In 2022, as we seek to gain more insights into our businesses by analyzing past and current performance, being able to put the information into action will be key. According to Sage Intacct’s director of financial planning and analysis, Dominic Ballinger, “automating data flows and bringing sources together will allow us to be more predictive and to look beyond finance,” as he sees opportunities to aggregate data from multiple sources with financial data. Finance leaders’ roles increasingly include working with other areas of the business, leveraging data held by finance to add insight or drive efficiency and profitability.

The advanced data automation approaches being put in place help summarize data and get more insight into the story behind the data when it’s needed. These techniques also integrate analytics data with operational data and systems with the eventual goal of automating the actions that are taken in response.   The new analytics tools that early adopters choose in 2022 will begin to tell a deeper story from multiple data sources, and offer connections to the operational systems that allow action.

6. Blockchain adoption continues while cryptocurrency is still met with caution

In 2022, accounting and finance leaders will continue on the path to adoption of blockchain (distributed ledger) technology within business apps for specific capabilities, based on its merits. Use of blockchain-based cryptocurrency will remain extremely cautious and mainly in the consumer arena, but we will start to see some legitimate use cases appear in the business-to-business transaction space.

  • Applications using blockchain (distributed ledger) technology will proliferate.
  • Consumer adoption of cryptocurrency will continue and finance leaders need to watch how this affects inflation.
  • Business-to-business cryptocurrency applications will begin to go mainstream as businesses seek to accept consumer payments in crypto and even begin testing check-free business-to-business cases in some industries.
  • Investment-grade crypto opportunities will become more widespread.

Jeremy Almond, CEO and co-founder at Sage Intacct partner Paystand said when he spoke at Transform this past November, that “money is now programable software.” While we may not get all there way there in 2022, the march toward paperless finance operations, the decline in use of paper checks, and the concomitant need for better financial data security is surely leading us toward the adoption of more of these block chain-based technologies.   We’ll definitely be watching for regulatory and other developments in this space in 2022.

7. The pace of new accounting regulation implementation will continue to be affected by the pandemic

For the past couple years, we’ve seen delayed implementation dates and few new accounting regulations published as a result of regulators slowing the pace to allow businesses to react to the pandemic.
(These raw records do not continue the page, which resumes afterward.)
theorem mainTheorem4:
  fixes r d :: nat and f :: "(nat \<Rightarrow> real) \<Rightarrow> real" and \<delta> K :: real
    and V :: "'v set" and E :: "'f set" and vtx :: "'f \<Rightarrow> nat \<Rightarrow> 'v"
    and Fto Fl :: "nat \<Rightarrow> (nat \<Rightarrow> real) \<Rightarrow> real"
    and i :: 'v and a :: 'f and l :: nat
  assumes r: "r \<ge> 2"
    and f_bool: "\<forall>x\<in>cube r. f x \<in> {0, 1}"
    and f_deg1: "\<forall>\<iota><r. fcoef r f {\<iota>} = 0"
    and delta: "\<delta> > 0"
    and hyp: "hypergraph V E vtx r"
    and reg: "index_regular V E vtx r d"
    and girth: "girth_ge E vtx r (4 * nat \<lfloor>1 / \<delta>\<rfloor> + 4)"
    and K: "K > 0"
    and Fto: "\<forall>k < nat \<lfloor>1 / \<delta>\<rfloor>. Fto k \<in> borel_measurable (PiM {1..k} (\<lambda>_. borel)) \<and>
                 (\<forall>x\<in>space (PiM {1..k} (\<lambda>_. borel :: real measure)). \<bar>Fto k x\<bar> \<le> K)"
    and Fl: "\<forall>k < nat \<lfloor>1 / \<delta>\<rfloor>. Fl k \<in> borel_measurable (PiM {1..k} (\<lambda>_. borel)) \<and>
                 (\<forall>x\<in>space (PiM {1..k} (\<lambda>_. borel :: real measure)). \<bar>Fl k x\<bar> \<le> K)"
    and i: "i \<in> V"
    and a: "a \<in> fac_of E vtx r i"
    and l: "l < nat \<lfloor>1 / \<delta>\<rfloor>"
  shows "integrable (gauss_space \<delta> V) (umsg r f d E vtx Fto (Suc l) i a) \<and>
         (AE \<omega> in gauss_space \<delta> V.
            real_cond_exp (gauss_space \<delta> V)
              (gen_sigma (gauss_space \<delta> V) (ball_var V E vtx r i l))
              (umsg r f d E vtx Fto (Suc l) i a) \<omega> = 0) \<and>
         integrable (gauss_space \<delta> V) (ufull r f d E vtx Fto (Suc l) i) \<and>
         (AE \<omega> in gauss_space \<delta> V.
            real_cond_exp (gauss_space \<delta> V)
              (gen_sigma (gauss_space \<delta> V) (ball_var V E vtx r i l))
              (ufull r f d E vtx Fto (Suc l) i) \<omega> = 0)"
proof -
  interpret message_passing V E vtx r i "nat \<lfloor>1 / \<delta>\<rfloor>" \<delta> f d Fto K
    using hyp i girth delta f_deg1 Fto
    by unfold_locales (auto simp: hypergraph_def)
  have "Suc l \<le> nat \<lfloor>1 / \<delta>\<rfloor>" using l by simp
  then show ?thesis
    unfolding ball_var_eq_nbhd umsg_eq_dsum_incr ufull_eq_dsum_incr
    using real_cond_exp_dsum_incr_eq_0[of "fac_of E vtx r i - {a}" l]
      real_cond_exp_dsum_incr_eq_0[of "fac_of E vtx r i" l]
    by blast
qed

end
text \<open>Adding a missing edge \<open>pq\<close> changes \<open>cM\<^sub>2\<close> by
  \<open>(2d(p)+1) b(p) + (2d(q)+1) b(q) + |(d(p)+1)\<^sup>2 - (d(q)+1)\<^sup>2|\<close>, where the degree balance
  \<open>b(x)\<close> counts the neighbours of \<open>x\<close> of degree at most \<open>d(x)\<close> minus those of larger degree.
  Since \<open>b(x) \<ge> d\<^sup>+(x) - d\<^sup>-(x)\<close>, the balance is nonnegative on \<open>X\<close>, so in a maximiser any two
  non-adjacent vertices of \<open>X\<close> have equal degree. If \<open>u \<in> X\<close> missed two vertices \<open>v, w\<close> of \<open>X\<close>,
  adding \<open>uv\<close> would not decrease \<open>cM\<^sub>2\<close>, raise \<open>b(u)\<close> by at least one, lower \<open>b(w)\<close> by at most
  two and make \<open>d(u) = d(w) + 1\<close>; adding \<open>uw\<close> afterwards would then gain at least
  \<open>(2d+3) - 2(2d+1) + (2d+3) = 4\<close>, contradicting maximality.\<close>

definition nbrs :: "'a set set \<Rightarrow> 'a \<Rightarrow> 'a set" where
  "nbrs E x = {y. {x, y} \<in> E}"

definition edge_pairs :: "'a set set \<Rightarrow> ('a \<times> 'a) set" where
  "edge_pairs E = {(x, y). {x, y} \<in> E}"

definition sq_deg_gap :: "'a set set \<Rightarrow> 'a \<Rightarrow> 'a \<Rightarrow> int" where
  "sq_deg_gap E x y = \<bar>int (deg E x ^ 2) - int (deg E y ^ 2)\<bar>"
lemma lin_ext_superset:
  assumes "finite S" and "{x. u x \<noteq> 0} \<subseteq> S"
  shows "lin_ext l G u = (\<Sum>x\<in>S. l (of_int (u x)) (G x))"
  unfolding lin_ext_def using assms
  by (intro sum.mono_neutral_left) (auto simp: bimodule_l_zero_scalar)

lemma lin_ext_add:
  assumes "fin_supp u" and "fin_supp v"
  shows "lin_ext l G (u + v) = lin_ext l G u + lin_ext l G v"
proof -
  let ?S = "{x. u x \<noteq> 0} \<union> {x. v x \<noteq> 0}"
  have S: "finite ?S" using assms unfolding fin_supp_def by simp
  have "lin_ext l G (u + v) = (\<Sum>x\<in>?S. l (of_int (u x + v x)) (G x))"
    by (subst lin_ext_superset[OF S]) auto
  also have "\<dots> = lin_ext l G u + lin_ext l G v"
    by (simp add: lin_ext_superset[OF S] bimodule_l_add_scalar sum.distrib)
  finally show ?thesis .
qed

lemma lin_ext_diff:
  assumes "fin_supp u" and "fin_supp v"
  shows "lin_ext l G (u - v) = lin_ext l G u - lin_ext l G v"
proof -
  have "lin_ext l G (- v) = - lin_ext l G v"
    unfolding lin_ext_def by (simp add: bimodule_l_minus_scalar sum_negf)
  moreover have "fin_supp (- v)" using assms(2) unfolding fin_supp_def by simp
  ultimately show ?thesis using lin_ext_add[OF assms(1), of "- v" G] by simp
qed

lemma lin_ext_delta: "lin_ext l G (delta x) = G x"
proof -
  have "{y. delta x y \<noteq> 0} = {x}" unfolding delta_def by auto
  then show ?thesis unfolding lin_ext_def by (simp add: delta_def bimodule_l_one)
qed
(* Let $k\ge1$ and $u,w\in\mathcal S_\infty$ with $u\le_k w$, $u\ne w$. A maximal chain $u=u_0\lessdot_k u_1\lessdot_k\cdots\lessdot_k u_n=w$ of the interval $[u,w]_k$, with $u_i=u_{i-1}(a_i\,b_i)$, $a_i\le k<b_i$, is the CM-chain of $[u,w]_k$ if and only if it has no inversions.
   Context: $\mathcal S_\infty$ is the group of permutations of $\{1,2,\dots\}$ fixing all but finitely many points; $u(a\,b)$ is $u$ with the entries in positions $a,b$ swapped; $\ell$ is the number of inversions. The $k$-Bruhat order $\le_k$ is the reflexive–transitive closure of covers $u\lessdot_k u(a\,b)$ with $a\le k<b$ and $\ell(u(a\,b))=\ell(u)+1$; $[u,w]_k$ is its interval. CM-chain: if $\ell(w)=\ell(u)+1$ it is the unique chain $u\lessdot_k w$. If $\ell(w)>\ell(u)+1$, there are (known) unique integers $a\le k<b$ such that (I) $u(a)<w(a)$ and $w(a)=\max\{w(j):j\le k,\,u(j)<w(j)\}$, and (II) $u(b)>u(a)\ge w(b)$ and $w(b)=\min\{w(j):j>k,\,u(j)>u(a)\ge w(j)\}$; with $u_1=u(a\,b)$ one has $u\lessdot_k u_1\le_k w$, and the CM-chain of $[u,w]_k$ is $u$ followed by the CM-chain of $[u_1,w]_k$. An inversion of the maximal chain above is a pair $(i,j)$ with $1\le i<j\le n$ such that either $w(a_i)<w(a_j)$, or $w(a_i)=w(a_j)$ and $w(b_i)>w(b_j)$. *)

theory Defs
  imports Main
begin

text \<open>Permutations of the positive integers {1,2,...} fixing all but finitely many
points, represented as functions on nat fixing 0.\<close>
definition S_inf :: "(nat \<Rightarrow> nat) set" where
  "S_inf = {u. bij u \<and> u 0 = 0 \<and> finite {i. u i \<noteq> i}}"

definition pswap :: "(nat \<Rightarrow> nat) \<Rightarrow> nat \<Rightarrow> nat \<Rightarrow> (nat \<Rightarrow> nat)" where
  "pswap u a b = u(a := u b, b := u a)"

definition len :: "(nat \<Rightarrow> nat) \<Rightarrow> nat" where
  "len u = card {(i, j). 1 \<le> i \<and> i < j \<and> u i > u j}"

definition kcover :: "nat \<Rightarrow> (nat \<Rightarrow> nat) \<Rightarrow> (nat \<Rightarrow> nat) \<Rightarrow> bool" where
  "kcover k u v \<longleftrightarrow> (\<exists>a b. 1 \<le> a \<and> a \<le> k \<and> k < b \<and> v = pswap u a b
                              \<and> len v = len u + 1)"

definition kle :: "nat \<Rightarrow> (nat \<Rightarrow> nat) \<Rightarrow> (nat \<Rightarrow> nat) \<Rightarrow> bool" where
  "kle k = (kcover k)\<^sup>*\<^sup>*"

text \<open>A maximal chain u = u_0 < u_1 < ... < u_n = w of [u,w]_k, encoded by the list
  of pairs (a_i, b_i) with u_i = u_{i-1}(a_i b_i), a_i \<le> k < b_i, each step a k-cover.\<close>
fun kchain :: "nat \<Rightarrow> (nat \<Rightarrow> nat) \<Rightarrow> (nat \<Rightarrow> nat) \<Rightarrow> (nat \<times> nat) list \<Rightarrow> bool" where
  "kchain k u w [] \<longleftrightarrow> u = w"
| "kchain k u w ((a, b) # ps) \<longleftrightarrow>
     1 \<le> a \<and> a \<le> k \<and> k < b \<and> len (pswap u a b) = len u + 1
     \<and> kchain k (pswap u a b) w ps"

definition condI :: "nat \<Rightarrow> (nat \<Rightarrow> nat) \<Rightarrow> (nat \<Rightarrow> nat) \<Rightarrow> nat \<Rightarrow> bool" where
  "condI k u w a \<longleftrightarrow> u a < w a \<and>
     w a = Max {w j | j. 1 \<le> j \<and> j \<le> k \<and> u j < w j}"

definition condII :: "nat \<Rightarrow> (nat \<Rightarrow> nat) \<Rightarrow> (nat \<Rightarrow> nat) \<Rightarrow> nat \<Rightarrow> nat \<Rightarrow> bool" where
  "condII k u w a b \<longleftrightarrow> u b > u a \<and> u a \<ge> w b \<and>
     w b = Min {w j | j. j > k \<and> u j > u a \<and> u a \<ge> w j}"

inductive cm_chain :: "nat \<Rightarrow> (nat \<Rightarrow> nat) \<Rightarrow> (nat \<Rightarrow> nat) \<Rightarrow> (nat \<times> nat) list \<Rightarrow> bool"
  for k where
  cm_base: "\<lbrakk>kle k u w; len w = len u + 1; 1 \<le> a; a \<le> k; k < b; w = pswap u a b\<rbrakk>
            \<Longrightarrow> cm_chain k u w [(a, b)]"
| cm_step: "\<lbrakk>kle k u w; len w > len u + 1; 1 \<le> a; a \<le> k; k < b;
             condI k u w a; condII k u w a b; cm_chain k (pswap u a b) w ps\<rbrakk>
            \<Longrightarrow> cm_chain k u w ((a, b) # ps)"

text \<open>Inversions of a chain given by pairs (a_i,b_i), i = 1..n (0-indexed list here).\<close>
definition chain_inversions :: "(nat \<Rightarrow> nat) \<Rightarrow> (nat \<times> nat) list \<Rightarrow> (nat \<times> nat) set" where
  "chain_inversions w ps = {(i, j). i < j \<and> j < length ps \<and>
      (w (fst (ps ! i)) < w (fst (ps ! j)) \<or>
       (w (fst (ps ! i)) = w (fst (ps ! j)) \<and> w (snd (ps ! i)) > w (snd (ps ! j))))}"

end

theory Submission
  imports Defs
begin

(* Along a k-chain the entries in positions \<le> k only increase and those in positions > k only
  decrease. A cover u(a b) of u has u(a) < u(b) and no position strictly between a and b holds
  a value between u(a) and u(b), since such a position would add two more inversions; hence two
  positions on the same side of k never change their relative order along a chain.

  Every
  left position that moves is the first entry of some step, so (I) says exactly that no later
  first entry has a larger final value. For (II), a right position q with u(q) > u(a) but
  w(q) < w(b) cannot exist in a chain without inversions: either a later step again uses a,
  with a right partner of no smaller final value, or position a already holds w(a) after the
  first step, and then the value in q would have to cross w(a) in a single cover, which the
  no-between property or the preserved order of left positions forbids. *)

definition invs :: "(nat \<Rightarrow> nat) \<Rightarrow> (nat \<times> nat) set" where
  "invs u = {(i, j). 1 \<le> i \<and> i < j \<and> u i > u j}"

lemma len_eq_card_invs: "len u = card (invs u)"
  by (simp add: len_def invs_def)

lemma S_inf_inj: "u \<in> S_inf \<Longrightarrow> inj u"
  by (simp add: S_inf_def bij_is_inj)

lemma finite_invs:
  assumes "u \<in> S_inf"
  shows "finite (invs u)"
proof -
  have "finite {i. u i \<noteq> i}" and inj: "inj u"
    using assms by (auto simp: S_inf_def bij_is_inj)
  then obtain N where N: "{i. u i \<noteq> i} \<subseteq> {..<N}"
    unfolding finite_nat_set_iff_bounded by blast
  then have fixed: "u i = i" if "N \<le> i" for i
    using that by force
  have below: "u i < N" if "i < N" for i
  proof (rule ccontr)
    assume "\<not> u i < N"
    then have "u (u i) = u i" using fixed by simp
    then have "u i = i" using inj by (simp add: inj_eq)
    with that \<open>\<not> u i < N\<close> show False by simp
  qed
  have "j < N" if "i < j" "u j < u i" for i j
  proof (rule ccontr)
    assume "\<not> j < N"
    then show False
      using that fixed[of j] fixed[of i] below[of i] by (cases "i < N") auto
  qed
  then have "invs u \<subseteq> {..<N} \<times> {..<N}"
    by (fastforce simp: invs_def)
  then show ?thesis
    by (rule finite_subset) auto
qed

lemma pswap_S_inf:
  assumes "u \<in> S_inf" "1 \<le> a" "1 \<le> b"
  shows "pswap u a b \<in> S_inf"
proof -
  let ?t = "\<lambda>x. if x = a then b else if x = b then a else x"
  have "bij ?t" by (rule involuntory_imp_bij) auto
  moreover have "pswap u a b = u \<circ> ?t" by (auto simp: pswap_def)
  ultimately have "bij (pswap u a b)"
    using assms(1) by (simp add: S_inf_def bij_comp)
  moreover have "{i. pswap u a b i \<noteq> i} \<subseteq> {i. u i \<noteq> i} \<union> {a, b}"
    by (auto simp: pswap_def)
  then have "finite {i. pswap u a b i \<noteq> i}"
    using assms(1) by (auto simp: S_inf_def intro: finite_subset)
  moreover have "pswap u a b 0 = 0"
    using assms by (simp add: S_inf_def pswap_def)
  ultimately show ?thesis
    by (simp add: S_inf_def)
qed

lemma pswap_at_left [simp]: "pswap u a b a = u b"
  and pswap_at_right [simp]: "pswap u a b b = u a"
  and pswap_other: "p \<noteq> a \<Longrightarrow> p \<noteq> b \<Longrightarrow> pswap u a b p = u p"
  by (auto simp: pswap_def)

lemma pswap_pswap: "a \<noteq> b \<Longrightarrow> pswap (pswap u a b) a b = u"
  by (auto simp: pswap_def)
However, as COVID moves to an endemic nature, it is expected that there will be some pickup in new regulations, particularly in those areas that have seen growth or innovation resulting from the pandemic.

According to Richard Cole of BKD, a Sage Intacct partner, “the pace of new regulation is still slowed by the pandemic but there are some important implementations going on.”

The lease accounting rule, ASC 842 is one of these ongoing implementations in 2022. Among the thought leaders we spoke to, areas to watch for new regulations to be introduced in 2022 include evolving and fast-growing industries like green energy, cryptocurrency, and the cannabis and hemp industries. Societal shifts like at-home work are also likely to be addressed by new accounting regulations in coming years.